── Provided information ──

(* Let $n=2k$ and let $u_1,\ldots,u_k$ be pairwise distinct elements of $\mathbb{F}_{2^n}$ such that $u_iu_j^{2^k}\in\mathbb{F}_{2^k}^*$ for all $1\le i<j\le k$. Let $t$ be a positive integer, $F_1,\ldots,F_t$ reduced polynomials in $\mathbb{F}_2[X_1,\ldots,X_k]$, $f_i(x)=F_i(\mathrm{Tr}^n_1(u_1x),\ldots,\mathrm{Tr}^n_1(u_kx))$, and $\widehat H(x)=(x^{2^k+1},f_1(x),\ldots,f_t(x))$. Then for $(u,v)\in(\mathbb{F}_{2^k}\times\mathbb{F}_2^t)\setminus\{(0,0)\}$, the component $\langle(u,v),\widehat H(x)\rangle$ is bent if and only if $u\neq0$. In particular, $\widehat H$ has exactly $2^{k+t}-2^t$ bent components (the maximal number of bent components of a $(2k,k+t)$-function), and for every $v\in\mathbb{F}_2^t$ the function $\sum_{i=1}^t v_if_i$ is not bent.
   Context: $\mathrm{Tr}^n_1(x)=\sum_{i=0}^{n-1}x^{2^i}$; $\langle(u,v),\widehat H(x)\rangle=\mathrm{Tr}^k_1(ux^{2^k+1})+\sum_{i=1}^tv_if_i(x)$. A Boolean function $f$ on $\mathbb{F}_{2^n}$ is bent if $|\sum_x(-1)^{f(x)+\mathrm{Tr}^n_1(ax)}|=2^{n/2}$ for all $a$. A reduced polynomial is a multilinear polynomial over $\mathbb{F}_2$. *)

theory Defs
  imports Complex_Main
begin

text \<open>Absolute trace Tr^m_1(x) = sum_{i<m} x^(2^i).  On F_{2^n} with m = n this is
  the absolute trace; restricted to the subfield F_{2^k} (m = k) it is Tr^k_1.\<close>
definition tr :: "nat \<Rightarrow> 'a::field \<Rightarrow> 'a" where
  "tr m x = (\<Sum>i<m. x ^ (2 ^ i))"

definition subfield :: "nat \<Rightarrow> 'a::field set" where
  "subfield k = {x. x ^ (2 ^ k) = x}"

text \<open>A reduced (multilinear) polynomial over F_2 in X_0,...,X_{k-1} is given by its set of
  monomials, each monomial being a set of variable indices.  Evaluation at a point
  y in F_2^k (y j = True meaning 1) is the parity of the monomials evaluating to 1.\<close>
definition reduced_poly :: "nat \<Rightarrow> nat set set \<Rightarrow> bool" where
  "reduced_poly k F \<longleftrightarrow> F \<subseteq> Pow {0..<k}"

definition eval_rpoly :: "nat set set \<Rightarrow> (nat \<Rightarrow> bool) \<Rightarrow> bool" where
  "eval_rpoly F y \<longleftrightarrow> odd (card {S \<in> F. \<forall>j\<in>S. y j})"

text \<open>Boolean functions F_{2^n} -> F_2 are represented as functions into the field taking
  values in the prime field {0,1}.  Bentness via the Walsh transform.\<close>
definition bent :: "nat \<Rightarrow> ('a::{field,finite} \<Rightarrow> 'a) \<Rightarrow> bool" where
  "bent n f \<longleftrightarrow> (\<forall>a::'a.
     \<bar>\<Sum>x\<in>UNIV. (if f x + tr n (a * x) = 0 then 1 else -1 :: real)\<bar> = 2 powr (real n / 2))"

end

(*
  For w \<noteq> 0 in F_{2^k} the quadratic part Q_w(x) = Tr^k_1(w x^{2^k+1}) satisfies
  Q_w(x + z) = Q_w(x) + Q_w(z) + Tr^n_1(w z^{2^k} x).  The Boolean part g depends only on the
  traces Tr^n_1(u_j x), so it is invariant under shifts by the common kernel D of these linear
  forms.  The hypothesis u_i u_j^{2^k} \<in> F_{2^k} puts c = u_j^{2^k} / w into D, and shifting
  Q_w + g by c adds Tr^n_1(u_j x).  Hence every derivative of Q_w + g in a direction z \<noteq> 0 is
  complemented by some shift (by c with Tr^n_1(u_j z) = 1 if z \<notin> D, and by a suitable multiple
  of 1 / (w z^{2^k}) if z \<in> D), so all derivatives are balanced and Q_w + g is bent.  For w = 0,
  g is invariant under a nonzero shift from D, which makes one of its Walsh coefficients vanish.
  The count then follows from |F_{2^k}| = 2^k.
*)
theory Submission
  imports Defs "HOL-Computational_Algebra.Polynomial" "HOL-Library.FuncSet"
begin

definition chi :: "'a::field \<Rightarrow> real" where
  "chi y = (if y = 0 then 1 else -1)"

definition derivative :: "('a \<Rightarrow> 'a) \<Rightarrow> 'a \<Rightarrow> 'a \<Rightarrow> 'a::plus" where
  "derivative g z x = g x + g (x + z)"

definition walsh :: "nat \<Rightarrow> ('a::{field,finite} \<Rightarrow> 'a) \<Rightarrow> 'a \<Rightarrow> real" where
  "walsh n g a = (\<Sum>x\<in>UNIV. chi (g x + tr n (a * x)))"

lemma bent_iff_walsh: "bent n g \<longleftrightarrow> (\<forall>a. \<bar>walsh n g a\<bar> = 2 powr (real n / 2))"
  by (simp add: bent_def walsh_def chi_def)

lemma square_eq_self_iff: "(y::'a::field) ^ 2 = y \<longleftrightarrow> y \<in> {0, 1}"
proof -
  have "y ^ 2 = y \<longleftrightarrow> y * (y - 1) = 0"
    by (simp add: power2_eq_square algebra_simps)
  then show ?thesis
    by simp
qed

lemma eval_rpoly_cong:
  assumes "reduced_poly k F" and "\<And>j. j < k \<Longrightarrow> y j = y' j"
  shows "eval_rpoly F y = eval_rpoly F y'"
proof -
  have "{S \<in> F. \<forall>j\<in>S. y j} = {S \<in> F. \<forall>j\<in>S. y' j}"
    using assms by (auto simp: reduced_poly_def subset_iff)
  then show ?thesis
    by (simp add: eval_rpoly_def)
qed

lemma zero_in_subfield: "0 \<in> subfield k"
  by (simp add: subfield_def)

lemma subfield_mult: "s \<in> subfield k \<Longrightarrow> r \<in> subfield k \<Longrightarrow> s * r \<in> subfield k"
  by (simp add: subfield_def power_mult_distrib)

───

Task details:
Copy out only the lines of the records above from the one with "Q_w + g by c" through the one with "theory Submission", exactly as they stand, both included.

Your solution:
  Q_w + g by c adds Tr^n_1(u_j x).  Hence every derivative of Q_w + g in a direction z \<noteq> 0 is
  complemented by some shift (by c with Tr^n_1(u_j z) = 1 if z \<notin> D, and by a suitable multiple
  of 1 / (w z^{2^k}) if z \<in> D), so all derivatives are balanced and Q_w + g is bent.  For w = 0,
  g is invariant under a nonzero shift from D, which makes one of its Walsh coefficients vanish.
  The count then follows from |F_{2^k}| = 2^k.
*)
theory Submission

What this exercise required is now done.